Weld groove machining and welding are performed continuously on one
station, as shown in FIGS. 40A and 40B. That is, welding is started
in succession to weld groove machining.
[0273] The reason for the initiation of welding in succession to
weld groove machining (the reason for start of welding before
completion of weld groove machining) is as follows: If weld groove
machining is completed before start of welding, an island-like
portion surrounded with the weld 221 for the weld groove, which has
been formed by the weld groove machining, becomes free, and this
portion cannot be held at a fixed position. The timing of starting
welding may be immediately after start of weld groove machining, or
may be a predetermined time after start of weld groove machining.
This timing can be set as desired.
[0274] FIGS. 40A, 40B and 40C show the state in which the groove
221 for the weld groove has been welded up to the surface 203a of
the plate 203. However, this mode is not limitative, but welding
may be kept within the leg length which enables the joining of the
plates 202 and 203 to be maintained. As the method of welding for
the groove 221 for weld groove, MIG welding (metal inert gas sealed
welding) or TIG welding (tungsten inert gas sealed welding) is
suitable, but other welding method may be used.
[0275] According to the machining method of the present embodiment,
joining surfaces 202a, 203b of the plates 202, 203 are welded so as
to extend along the entire periphery of the fluid channel groove
208, whereby the plates 202 and 203 are welded. This type of
welding, compared with joining of the plates 202 and 203 by an
adhesive, increases the durability of the plate joining portion,
and constructs a firm weld structure, thus increasing pressure
resistance. Also, the coupling bolts for the plates 202, 203 become
unnecessary, so that the entire integrated piping plate can be
further downsized. Furthermore, this machining method facilitates
the line operation of joining procedure, and thus increases the
work efficiency, contributing to a low cost.
[0276] The welding of the joining surfaces 202a, 203a of the plates
202, 203 so as to extend along the entire periphery of the fluid
channel groove 208 is not restricted to welding so as to extend
along the entire periphery of each fluid channel groove 208 as
shown in FIG. 41A, but includes sharing of one weld line 250 (weld
line sharing portion 250a) between the adjacent grooves 208 for
weld grooves as shown in FIGS. 41B and 41C. In FIGS. 41B and 41C,
the adjacent fluid channel grooves 208 are close to each other with
a narrow gap d. For these fluid channel grooves 208, therefore,
only one weld line 250 (weld line sharing portion 250a) extending
along the entire periphery of one of the fluid channel grooves 208
is formed, and this weld line sharing portion 250a is shared with
the weld line 250 extending along the entire periphery of the other
fluid channel groove 208. Of course, the formation of the groove
221 for weld groove so as to extend along the entire periphery of
the fluid channel groove 208 is not restricted to forming the
groove 221 for weld groove so as to extend along the entire
periphery of each fluid channel groove 208 as shown in FIG. 41A,
but includes sharing of one groove 221 for weld groove (portion
221a which shares the groove for weld groove) between the adjacent
fluid channel grooves 208 as shown in FIGS. 41B and 41C.

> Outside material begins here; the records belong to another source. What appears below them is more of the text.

(* Let $J'\subseteq J$ be nonempty, $t_o\in[0,T-\sum_{j\in J'}p_j]$, and let $\alpha$, $c_1<\dots<c_m$, $M$ and $B_\alpha$ be as in the context. Let $1\le q<m$, $J_l=\{j\in J'\setminus\{\alpha\}:M(j)\le q\}$, $J_r=\{j\in J':M(j)>q\}$ and $s=t_o+\sum_{j\in J_l}p_j$. If $c_q\le s<c_{q+1}$ and $s\notin B_\alpha$, then there exists a partial potential schedule of $J'$ starting at $t_o$ in which all jobs of $J_l$ are processed before $\alpha$, job $\alpha$ starts at time $s$, and all jobs of $J_r$ are processed after $\alpha$.
   Context: $J$ is a finite set of jobs; job $j$ has processing time $p_j>0$ and weight $w_j>0$; $T=\sum_{j\in J}p_j$. For $J'\subseteq J$ and $t_o\ge0$, a partial schedule of $J'$ starting at $t_o$ is an ordering of $J'$ processed consecutively without idle time from time $t_o$; job $j$ has (absolute) start time $t_j$. For $t\ge 0$, $\varphi_j(t)=\frac{w_j}{p_j(p_j+t)}$. For jobs $i,j$ with $w_ip_j\neq w_jp_i$, $t^*_{ij}=\frac{w_jp_i^2-w_ip_j^2}{w_ip_j-w_jp_i}$ (the unique real $t$ with $\varphi_i(t)=\varphi_j(t)$). Dominance rule: for an interval $I\subseteq[0,\infty)$, the relation "$i$ dominates $j$ on $I$" is violated by a (partial) schedule if $j$ is processed before $i$ and both $t_j\in I$ and $t_i-p_j\in I$. The rule contains, for each pair of distinct jobs $i,j$ with $(p_i,w_i)\ne(p_j,w_j)$: (1) if $\varphi_i(t)\ge\varphi_j(t)$ for all $t\ge 0$, "$i$ dominates $j$ on $[0,\infty)$"; (2) otherwise, if $\varphi_j(t)\ge\varphi_i(t)$ for all $t\ge0$, "$j$ dominates $i$ on $[0,\infty)$"; (3) otherwise, labelling the pair so that $\varphi_i(0)>\varphi_j(0)$, $t^*_{ij}>0$ is defined and the rule contains "$i$ dominates $j$ on $[0,t^*_{ij})$" and "$j$ dominates $i$ on $[t^*_{ij},\infty)$". A partial schedule of $J'$ is a partial potential schedule if it violates no relation of the rule between two jobs of $J'$. Banned set: for $i\in J$, $B_i$ is the union over all $j\in J\setminus\{i\}$ with $\varphi_i(0)>\varphi_j(0)$, $w_ip_j\ne w_jp_i$ and $t^*_{ij}\in(0,T)$ of the intervals $[t^*_{ij},t^*_{ij}+p_j)$. Subproblem data: $t_e=t_o+\sum_{j\in J'}p_j$; $\alpha\in J'$ maximizes $\varphi_i(t_o)$ over $i\in J'$, ties broken in favour of maximum $\varphi_i(t_e)$; for $j\in J'\setminus\{\alpha\}$ with $t^*_{\alpha j}$ defined, $c_{\alpha j}=t^*_{\alpha j}+p_j$; $C=\{c_{\alpha j}: j\in J'\setminus\{\alpha\},\ t^*_{\alpha j}\text{ defined},\ c_{\alpha j}\in(t_o,t_e)\}\cup\{t_o,t_e\}$ with distinct elements $t_o=c_1<\dots<c_m=t_e$; $M(\alpha)=1$, and for $j\neq\alpha$, $M(j)=r$ if $t^*_{\alpha j}$ is defined, $t^*_{\alpha j}\in(t_o,t_e)$ and $c_{\alpha j}=c_r$ for some $r\le m$, and $M(j)=|J'|+1$ otherwise. *)

theory Defs
  imports Main "HOL.Real"
begin

text \<open>Jobs have type 'a; processing times p and weights w are functions 'a => real.
A (partial) schedule is a list of jobs, processed consecutively from time t0.\<close>

definition phi :: "('a \<Rightarrow> real) \<Rightarrow> ('a \<Rightarrow> real) \<Rightarrow> 'a \<Rightarrow> real \<Rightarrow> real" where
  "phi p w j t = w j / (p j * (p j + t))"

definition tstar :: "('a \<Rightarrow> real) \<Rightarrow> ('a \<Rightarrow> real) \<Rightarrow> 'a \<Rightarrow> 'a \<Rightarrow> real" where
  "tstar p w i j = (w j * (p i)^2 - w i * (p j)^2) / (w i * p j - w j * p i)"

text \<open>The dominance rule for the job set J: rule_dom p w J i j I holds iff
the rule contains the relation "i dominates j on I".\<close>
definition rule_dom :: "('a \<Rightarrow> real) \<Rightarrow> ('a \<Rightarrow> real) \<Rightarrow> 'a set \<Rightarrow> 'a \<Rightarrow> 'a \<Rightarrow> real set \<Rightarrow> bool" where
  "rule_dom p w J i j I \<longleftrightarrow>
     i \<in> J \<and> j \<in> J \<and> i \<noteq> j \<and> (p i, w i) \<noteq> (p j, w j) \<and>
     ( ((\<forall>t\<ge>0. phi p w i t \<ge> phi p w j t) \<and> I = {0..})
     \<or> (\<not> (\<forall>t\<ge>0. phi p w i t \<ge> phi p w j t) \<and> \<not> (\<forall>t\<ge>0. phi p w j t \<ge> phi p w i t) \<and>
          phi p w i 0 > phi p w j 0 \<and> I = {0..<tstar p w i j})
     \<or> (\<not> (\<forall>t\<ge>0. phi p w i t \<ge> phi p w j t) \<and> \<not> (\<forall>t\<ge>0. phi p w j t \<ge> phi p w i t) \<and>
          phi p w j 0 > phi p w i 0 \<and> I = {tstar p w j i..}))"

definition start_at :: "('a \<Rightarrow> real) \<Rightarrow> real \<Rightarrow> 'a list \<Rightarrow> nat \<Rightarrow> real" where
  "start_at p t0 \<sigma> k = t0 + sum_list (map p (take k \<sigma>))"

definition before :: "'a list \<Rightarrow> 'a \<Rightarrow> 'a \<Rightarrow> bool" where
  "before \<sigma> x y \<longleftrightarrow> (\<exists>k l. k < l \<and> l < length \<sigma> \<and> \<sigma> ! k = x \<and> \<sigma> ! l = y)"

[0277] Other machining method for an integrated piping plate 201
will be described based on FIGS. 42A, 42B and 42C. FIGS. 42A, 42B
and 42C show a method for integrating a plate 202 and a plate 203
by use of friction stir welding (hereinafter referred to as FSW), a
welding technique rendered publicly known by patent gazettes
(Japanese Patent Nos. 2792233 and 2712838).
[0278] As shown in FIG. 42A, the plate 203 having communication
holes 210 machined therein is superposed on the plate 202 having a
fluid channel groove 208 machined therein. Then, as shown in FIG.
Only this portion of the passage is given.